---------- Data

(* Let $d,k\ge 1$, $0<\alpha<1$, $v>0$, and let $S=\{(\mathbf{x}_1,y_1),\dots,(\mathbf{x}_n,y_n)\}\subseteq \mathcal{X}\times\mathcal{Y}$, where $\mathcal{X}=\{\mathbf{x}\in\mathbb{R}^d:\|\mathbf{x}\|\le 1\}$ and $\mathcal{Y}=\{\pm1\}$, be such that there is $\mathbf{w}^*\in\mathbb{R}^d$ with $y_i\langle \mathbf{w}^*,\mathbf{x}_i\rangle\ge 1$ for all $i$. Consider, as a function of $W\in\mathbb{R}^{2k\times d}$, the loss $$L_S(W)=\frac1n\sum_{i=1}^n \max\{1-y_iN_W(\mathbf{x}_i),0\},\qquad N_W(\mathbf{x})=\mathbf{v}^\top\sigma(W\mathbf{x}),$$ where $\sigma(z)=\max\{\alpha z,z\}$ is applied entrywise and $\mathbf{v}=(v,\dots,v,-v,\dots,-v)\in\mathbb{R}^{2k}$ ($k$ entries equal to $v$ followed by $k$ entries equal to $-v$). Then (1) every critical point of $L_S$ is a global minimum of $L_S$; and (2) $L_S$ is not convex.
   Context: Gradients are computed with the convention $\sigma'(z)=1$ for $z\ge 0$ and $\sigma'(z)=\alpha$ for $z<0$, and for a single example $(\mathbf{x},y)$ the gradient of $\max\{1-yN_W(\mathbf{x}),0\}$ is taken to be $0$ when $yN_W(\mathbf{x})\ge 1$; when $yN_W(\mathbf{x})<1$ its gradient with respect to the $j$-th row $\mathbf{w}_j$ of $W$ is $-y\,v_j\,\sigma'(\langle \mathbf{w}_j,\mathbf{x}\rangle)\,\mathbf{x}$. The gradient of $L_S$ is the average of these per-example gradients, and a critical point is a $W$ where this gradient is zero. The minimum value of $L_S$ is $0$. *)

theory Defs
  imports "HOL-Analysis.Analysis"
begin

definition leaky :: "real \<Rightarrow> real \<Rightarrow> real" where
  "leaky \<alpha> z = max (\<alpha> * z) z"

definition leaky_deriv :: "real \<Rightarrow> real \<Rightarrow> real" where
  "leaky_deriv \<alpha> z = (if z \<ge> 0 then 1 else \<alpha>)"
(* Let $m,n\ge1$ and let $\theta\vdash mn$ be $m$-splittable with $m$-split $(\theta^{(0)},\dots,\theta^{(m-1)})$. Then \[ H_\theta(x) = m^{mn} \prod_{r=0}^{m-1} \prod_{j=1}^{m} H_{\theta^{(r)}} \left( \frac{x+r-m+j}{m} \right). \]
   Context: With the rising factorial $x^{(k)}=x(x+1)\cdots(x+k-1)$, $H_\theta(x)=\prod_{i=1}^{l(\theta)}(x-i+1)^{(\theta_i)}=\prod_{w\in\theta}(x+c(w))$, where $c(w)=j-i$ is the content of the cell $w$ in row $i$, column $j$; $H_\emptyset=1$. A set $S\subseteq\mathbb{Z}$ satisfies the charge condition if $S\cap\mathbb{Z}_{\ge0}$ and $\mathbb{Z}_{<0}\setminus S$ are finite and have the same cardinality. For a partition $\lambda=(\lambda_1\ge\lambda_2\ge\cdots)$ (with $\lambda_k=0$ for $k>l(\lambda)$), $S_\lambda=\{\lambda_k-k: k\ge1\}$; $\lambda\mapsto S_\lambda$ is a bijection from partitions to sets satisfying the charge condition. The $m$-split of a set $S$ is $(S_0,\dots,S_{m-1})$ with $S_r=\{a\in\mathbb{Z}: ma+r\in S\}$. A partition $\theta$ is $m$-splittable if every $S_r$ in the $m$-split of $S_\theta$ satisfies the charge condition; its $m$-split is then $(\theta^{(0)},\dots,\theta^{(m-1)})$ where $\theta^{(r)}$ is the partition with $S_{\theta^{(r)}}=S_r$. *)

theory Defs
  imports Complex_Main
begin

definition is_partition :: "nat list \<Rightarrow> bool" where
  "is_partition la \<longleftrightarrow> sorted (rev la) \<and> 0 \<notin> set la"

definition part :: "nat list \<Rightarrow> nat \<Rightarrow> nat" where
  "part la k = (if 1 \<le> k \<and> k \<le> length la then la ! (k - 1) else 0)"

definition Sset :: "nat list \<Rightarrow> int set" where
  "Sset la = {int (part la k) - int k | k. k \<ge> 1}"

definition charge_cond :: "int set \<Rightarrow> bool" where
  "charge_cond S \<longleftrightarrow> finite (S \<inter> {0..}) \<and> finite ({..<0} - S)
     \<and> card (S \<inter> {0..}) = card ({..<0} - S)"

definition msplit :: "nat \<Rightarrow> int set \<Rightarrow> nat \<Rightarrow> int set" where
  "msplit m S r = {a. int m * a + int r \<in> S}"

definition m_splittable :: "nat \<Rightarrow> nat list \<Rightarrow> bool" where
  "m_splittable m th \<longleftrightarrow> (\<forall>r<m. charge_cond (msplit m (Sset th) r))"

definition H :: "nat list \<Rightarrow> 'a::field_char_0 \<Rightarrow> 'a" where
  "H la x = (\<Prod>i=1..length la. pochhammer (x - of_nat i + 1) (la ! (i - 1)))"

end

theory Submission
  imports Defs "HOL-Computational_Algebra.Polynomial"
begin

text \<open>
  Write \<open>y^(k)\<close> for the rising factorial. If \<open>\<lambda>\<close> has at most \<open>N\<close> parts, the
  truncated beta-set \<open>S\<^sub>\<lambda> \<inter> [-N, \<infinity>)\<close> is \<open>{\<lambda>\<^sub>i - i : 1 \<le> i \<le> N}\<close>, so the product
  of \<open>y^(t + N)\<close> over it is \<open>H\<^sub>\<lambda>(y + N - 1)\<close> times a factor depending only on \<open>N\<close>.
  For \<open>N = mM\<close>, writing \<open>t = ma + r\<close> splits the truncated beta-set of \<open>\<theta>\<close> into those
  of its \<open>m\<close>-split, and the multiplication formula
  \<open>y^(r + mk) = y^(r) m^(mk) \<Prod>\<^sub>j ((y + r + j)/m)^(k)\<close> turns the product into values
  of the \<open>H\<^sub>\<theta>\<^sub>(\<^sub>r\<^sub>)\<close>. The same computation for the empty partition identifies all
  remaining factors, and the analogous one for the sum of \<open>t + N\<close> gives
  \<open>|\<theta>| = m \<Sum>\<^sub>r |\<theta>\<^sup>(\<^sup>r\<^sup>)|\<close>. This proves the identity multiplied by a polynomial
  in \<open>x\<close> that is not identically zero, which is then cancelled.
\<close>

definition polyfun :: "('a::comm_ring_1 \<Rightarrow> 'a) \<Rightarrow> bool" where
  "polyfun f \<longleftrightarrow> (\<exists>p. \<forall>x. f x = poly p x)"

lemma polyfun_const: "polyfun (\<lambda>x. c)"
  unfolding polyfun_def by (rule exI[of _ "[:c:]"]) simp

lemma polyfun_id: "polyfun (\<lambda>x. x)"
  unfolding polyfun_def by (rule exI[of _ "[:0, 1:]"]) simp

lemma polyfun_add: "polyfun f \<Longrightarrow> polyfun g \<Longrightarrow> polyfun (\<lambda>x. f x + g x)"
  unfolding polyfun_def by (metis poly_add)

lemma polyfun_diff: "polyfun f \<Longrightarrow> polyfun g \<Longrightarrow> polyfun (\<lambda>x. f x - g x)"
  unfolding polyfun_def by (metis poly_diff)

lemma polyfun_mult: "polyfun f \<Longrightarrow> polyfun g \<Longrightarrow> polyfun (\<lambda>x. f x * g x)"
  unfolding polyfun_def by (metis poly_mult)

lemma polyfun_divide: "polyfun f \<Longrightarrow> polyfun (\<lambda>x. f x / (c::'a::field))"
  unfolding divide_inverse by (rule polyfun_mult[OF _ polyfun_const])

lemma polyfun_compose: "polyfun f \<Longrightarrow> polyfun g \<Longrightarrow> polyfun (\<lambda>x. f (g x))"
  unfolding polyfun_def by (metis poly_pcompose)

lemma polyfun_prod: "(\<And>i. i \<in> A \<Longrightarrow> polyfun (f i)) \<Longrightarrow> polyfun (\<lambda>x. \<Prod>i\<in>A. f i x)"
  by (induction A rule: infinite_finite_induct) (simp_all add: polyfun_const polyfun_mult)

lemma polyfun_pochhammer: "polyfun f \<Longrightarrow> polyfun (\<lambda>x. pochhammer (f x) k)"
  unfolding pochhammer_prod by (intro polyfun_prod polyfun_add polyfun_const)

lemma polyfun_H: "polyfun (H la :: 'a::field_char_0 \<Rightarrow> 'a)"
  unfolding H_def
  by (intro polyfun_prod polyfun_pochhammer polyfun_add polyfun_diff polyfun_const polyfun_id)

lemma polyfun_mult_right_cancel:
  fixes f g h :: "'a::field_char_0 \<Rightarrow> 'a"
  assumes "polyfun f" "polyfun g" "polyfun h"
    and "\<And>x. f x * g x = h x * g x" and "g x0 \<noteq> 0"
  shows "f x = h x"
proof -
  obtain p q r where p: "\<And>x. f x = poly p x" and q: "\<And>x. h x = poly q x"
    and r: "\<And>x. g x = poly r x"
    using assms(1-3) unfolding polyfun_def by metis
  have "poly (p * r) = poly (q * r)" using assms(4) by (auto simp: p q r)
  then have "p * r = q * r" by (simp add: poly_eq_poly_eq_iff)
  moreover have "r \<noteq> 0" using assms(5) r by auto
  ultimately show ?thesis by (simp add: p q)
qed

lemma pochhammer_mult_nat:
  fixes z :: "'a::field_char_0"
  assumes "m \<ge> 1"
  shows "pochhammer z (m * k) = of_nat m ^ (m * k) * (\<Prod>j<m. pochhammer ((z + of_nat j) / of_nat m) k)"
proof (induction k)
  case 0
  then show ?case by simp
next
  case (Suc k)
  have "pochhammer z (m * Suc k) = pochhammer z (m * k) * pochhammer (z + of_nat (m * k)) m"
    using pochhammer_product'[of z "m * k" m] by (simp add: add.commute)
  also have "pochhammer (z + of_nat (m * k)) m = (\<Prod>j<m. z + of_nat (m * k) + of_nat j)"
    by (simp add: pochhammer_prod atLeast0LessThan)
  also have "\<dots> = (\<Prod>j<m. of_nat m * ((z + of_nat j) / of_nat m + of_nat k))"
    using assms by (intro prod.cong refl) (simp add: field_simps)
  also have "\<dots> = of_nat m ^ m * (\<Prod>j<m. (z + of_nat j) / of_nat m + of_nat k)"
    by (simp add: prod.distrib)
  finally show ?case
    using Suc by (simp add: pochhammer_Suc prod.distrib power_add mult_ac)
qed

lemma pochhammer_add_mult_nat:
  fixes z :: "'a::field_char_0"
  assumes "m \<ge> 1"
  shows "pochhammer z (r + m * k) = pochhammer z r * (of_nat m ^ (m * k) *
           (\<Prod>j<m. pochhammer ((z + of_nat r + of_nat j) / of_nat m) k))"
  using assms by (simp add: pochhammer_product' pochhammer_mult_nat add.assoc)

lemma part_antimono:
  assumes "is_partition la" "1 \<le> i" "i \<le> j"
  shows "part la j \<le> part la i"
  using assms sorted_rev_nth_mono[of la "i - 1" "j - 1"]
  unfolding is_partition_def Defs.part_def by auto

lemma inj_on_Sset_index:
  assumes "is_partition la"
  shows "inj_on (\<lambda>k. int (part la k) - int k) {1..}"
proof (rule linorder_inj_onI')
  fix i j :: nat
  assume "i \<in> {1..}" "j \<in> {1..}" "i < j"
  with part_antimono[OF assms, of i j]
  show "int (part la i) - int i \<noteq> int (part la j) - int j" by auto
qed

lemma Sset_inter_atLeast:
  assumes "length la \<le> N"
  shows "Sset la \<inter> {-int N..} = (\<lambda>k. int (part la k) - int k) ` {1..N}"
proof (intro equalityI subsetI)
  fix t assume "t \<in> Sset la \<inter> {-int N..}"
  then obtain k where k: "k \<ge> 1" "t = int (part la k) - int k" "t \<ge> - int N"
    unfolding Sset_def by auto
  have "k \<le> N"
  proof (rule ccontr)
    assume "\<not> k \<le> N"
    then have "part la k = 0" using assms unfolding Defs.part_def by auto
    with k \<open>\<not> k \<le> N\<close> show False by auto
  qed
  with k show "t \<in> (\<lambda>k. int (part la k) - int k) ` {1..N}" by auto
qed (auto simp: Sset_def)

lemma finite_Sset_inter_atLeast: "length la \<le> N \<Longrightarrow> finite (Sset la \<inter> {-int N..})"
  by (simp add: Sset_inter_atLeast)

lemma (in comm_monoid_set) Sset_inter_atLeast_reindex:
  assumes "is_partition la" "length la \<le> N"
  shows "F (\<lambda>t. g (nat (t + int N))) (Sset la \<inter> {-int N..}) = F (\<lambda>i. g (part la i + (N - i))) {1..N}"
proof -
  have "inj_on (\<lambda>k. int (part la k) - int k) {1..N}"
    using inj_on_Sset_index[OF assms(1)] by (rule inj_on_subset) auto
  moreover have "nat (int (part la i) - int i + int N) = part la i + (N - i)" if "i \<le> N" for i
    using that by linarith
  ultimately show ?thesis
    unfolding Sset_inter_atLeast[OF assms(2)] by (auto simp: reindex intro: cong)
qed

lemma sum_part_eq_sum_list:
  assumes "length la \<le> N"
  shows "(\<Sum>i=1..N. part la i) = sum_list la"
proof -
  have "(\<Sum>i=1..N. part la i) = (\<Sum>i=1..length la. part la i)"
    using assms by (intro sum.mono_neutral_right) (auto simp: Defs.part_def)
  also have "\<dots> = (\<Sum>i<length la. la ! i)"
    by (rule sum.reindex_bij_witness[of _ Suc "\<lambda>i. i - 1"]) (auto simp: Defs.part_def)
  finally show ?thesis by (simp add: sum_list_sum_nth atLeast0LessThan)
qed

lemma H_eq_prod_part:
  assumes "length la \<le> N"
  shows "H la x = (\<Prod>i=1..N. pochhammer (x - of_nat i + 1) (part la i))"
proof -
  have "H la x = (\<Prod>i=1..length la. pochhammer (x - of_nat i + 1) (part la i))"
    unfolding H_def by (intro prod.cong refl) (auto simp: Defs.part_def)
  also have "\<dots> = (\<Prod>i=1..N. pochhammer (x - of_nat i + 1) (part la i))"
    using assms by (intro prod.mono_neutral_left) (auto simp: Defs.part_def)
  finally show ?thesis .
qed

definition pochhammer_staircase :: "nat \<Rightarrow> 'a::comm_semiring_1 \<Rightarrow> 'a" where
  "pochhammer_staircase N y = (\<Prod>i=1..N. pochhammer y (N - i))"

lemma pochhammer_staircase_1_neq_0: "pochhammer_staircase N (1::'a::field_char_0) \<noteq> 0"
  unfolding pochhammer_staircase_def by (simp add: pochhammer_fact[symmetric])

lemma prod_pochhammer_part_shift:
  fixes y :: "'a::field_char_0"
  assumes "length la \<le> N"
  shows "(\<Prod>i=1..N. pochhammer y (part la i + (N - i)))
           = H la (y + of_nat N - 1) * pochhammer_staircase N y"
proof -
  have "pochhammer y (part la i + (N - i))
          = pochhammer (y + of_nat N - 1 - of_nat i + 1) (part la i) * pochhammer y (N - i)"
    if "i \<in> {1..N}" for i
    using that pochhammer_product'[of y "N - i" "part la i"] by (simp add: of_nat_diff add.commute)
  then show ?thesis
    unfolding pochhammer_staircase_def H_eq_prod_part[OF assms] prod.distrib[symmetric]
    by (rule prod.cong[OF refl])
qed

lemma bij_betw_msplit_inter_atLeast:
  assumes "m \<ge> 1"
  shows "bij_betw (\<lambda>(r, a). int m * a + int r)
           (SIGMA r:{..<m}. msplit m S r \<inter> {-int M..}) (S \<inter> {-int (m * M)..})"
proof (rule bij_betw_byWitness[where f' = "\<lambda>t. (nat (t mod int m), t div int m)"])
  have "int m * a + int r \<ge> - int (m * M)" if "a \<ge> - int M" for a r
    using mult_left_mono[OF that, of "int m"] by simp
  then show "(\<lambda>(r, a). int m * a + int r) ` (SIGMA r:{..<m}. msplit m S r \<inter> {-int M..})
               \<subseteq> S \<inter> {-int (m * M)..}"
    by (auto simp: msplit_def)
  have "t div int m \<ge> - int M" if "t \<ge> - int (m * M)" for t
  proof -
    have "- int (m * M) div int m = - int M"
      using assms by (simp flip: mult_minus_right)
    then show ?thesis
      using zdiv_mono1[OF that, of "int m"] assms by simp
  qed
  then show "(\<lambda>t. (nat (t mod int m), t div int m)) ` (S \<inter> {-int (m * M)..})
               \<subseteq> (SIGMA r:{..<m}. msplit m S r \<inter> {-int M..})"
    using assms by (auto simp: msplit_def nat_less_iff)
qed (use assms in auto)
(* Let $1\le p'\le2$, let $R'\subseteq R$, $C'\subseteq C$ be finite, $I\subseteq R\times C$, $I'=I\cap(R'\times C')$, and let $x=\sum_{q\in I'}x_qe_q$ with scalar coefficients $x_q\in\mathbb C$. Then $$|\!|\!|x|\!|\!|_{p'}^{p'}\ \ge\ \sum_{(r,c)\in I'}\Bigl(\max\bigl(d(c),d(r)\bigr)^{1/2-1/p'}|x_{rc}|\Bigr)^{p'} .$$
   Context: $e_{rc}$ denotes the elementary matrix on $\ell_2$ (rows indexed by $R$, columns by $C$), $S^{p'}$ the Schatten class. For $1\le p'\le 2$ and a scalar matrix $x$, $$|\!|\!|x|\!|\!|_{p'}=\inf_{\alpha,\beta\in S^{p'},\ \alpha+\beta=x}\Bigl(\sum_c\Bigl(\sum_r|\alpha_{rc}|^2\Bigr)^{p'/2}\Bigr)^{1/p'}+\Bigl(\sum_r\Bigl(\sum_c|\beta_{rc}|^2\Bigr)^{p'/2}\Bigr)^{1/p'},$$ where $\alpha_{rc}$ denotes the $(r,c)$ matrix coefficient. For $c\in C'$, $d(c)=\#[I'\cap(R'\times\{c\})]$ and for $r\in R'$, $d(r)=\#[I'\cap(\{r\}\times C')]$ (degrees in the bipartite graph $I'$). *)

theory Defs
  imports "HOL-Analysis.Analysis"
begin

text \<open>Scalar matrices on ell_2 are functions from row indices (type 'r, R = UNIV)
 and column indices (type 'c, C = UNIV) to complex numbers.\<close>

definition col_fin :: "real \<Rightarrow> ('r \<Rightarrow> 'c \<Rightarrow> complex) \<Rightarrow> bool" where
  "col_fin p a \<longleftrightarrow> (\<forall>c. (\<lambda>r. (cmod (a r c))\<^sup>2) summable_on UNIV) \<and>
     (\<lambda>c. (\<Sum>\<^sub>\<infinity>r. (cmod (a r c))\<^sup>2) powr (p/2)) summable_on UNIV"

--------------------

◆ **Task**:
Exact duplication is required for the lines above, from the line that contains "fix t assume" to the line that contains "i) = (\<Sum>i=1..length", inclusive; omit all others.

◆ **Answer to this problem**:
  fix t assume "t \<in> Sset la \<inter> {-int N..}"
  then obtain k where k: "k \<ge> 1" "t = int (part la k) - int k" "t \<ge> - int N"
    unfolding Sset_def by auto
  have "k \<le> N"
  proof (rule ccontr)
    assume "\<not> k \<le> N"
    then have "part la k = 0" using assms unfolding Defs.part_def by auto
    with k \<open>\<not> k \<le> N\<close> show False by auto
  qed
  with k show "t \<in> (\<lambda>k. int (part la k) - int k) ` {1..N}" by auto
qed (auto simp: Sset_def)

lemma finite_Sset_inter_atLeast: "length la \<le> N \<Longrightarrow> finite (Sset la \<inter> {-int N..})"
  by (simp add: Sset_inter_atLeast)

lemma (in comm_monoid_set) Sset_inter_atLeast_reindex:
  assumes "is_partition la" "length la \<le> N"
  shows "F (\<lambda>t. g (nat (t + int N))) (Sset la \<inter> {-int N..}) = F (\<lambda>i. g (part la i + (N - i))) {1..N}"
proof -
  have "inj_on (\<lambda>k. int (part la k) - int k) {1..N}"
    using inj_on_Sset_index[OF assms(1)] by (rule inj_on_subset) auto
  moreover have "nat (int (part la i) - int i + int N) = part la i + (N - i)" if "i \<le> N" for i
    using that by linarith
  ultimately show ?thesis
    unfolding Sset_inter_atLeast[OF assms(2)] by (auto simp: reindex intro: cong)
qed

lemma sum_part_eq_sum_list:
  assumes "length la \<le> N"
  shows "(\<Sum>i=1..N. part la i) = sum_list la"
proof -
  have "(\<Sum>i=1..N. part la i) = (\<Sum>i=1..length la. part la i)"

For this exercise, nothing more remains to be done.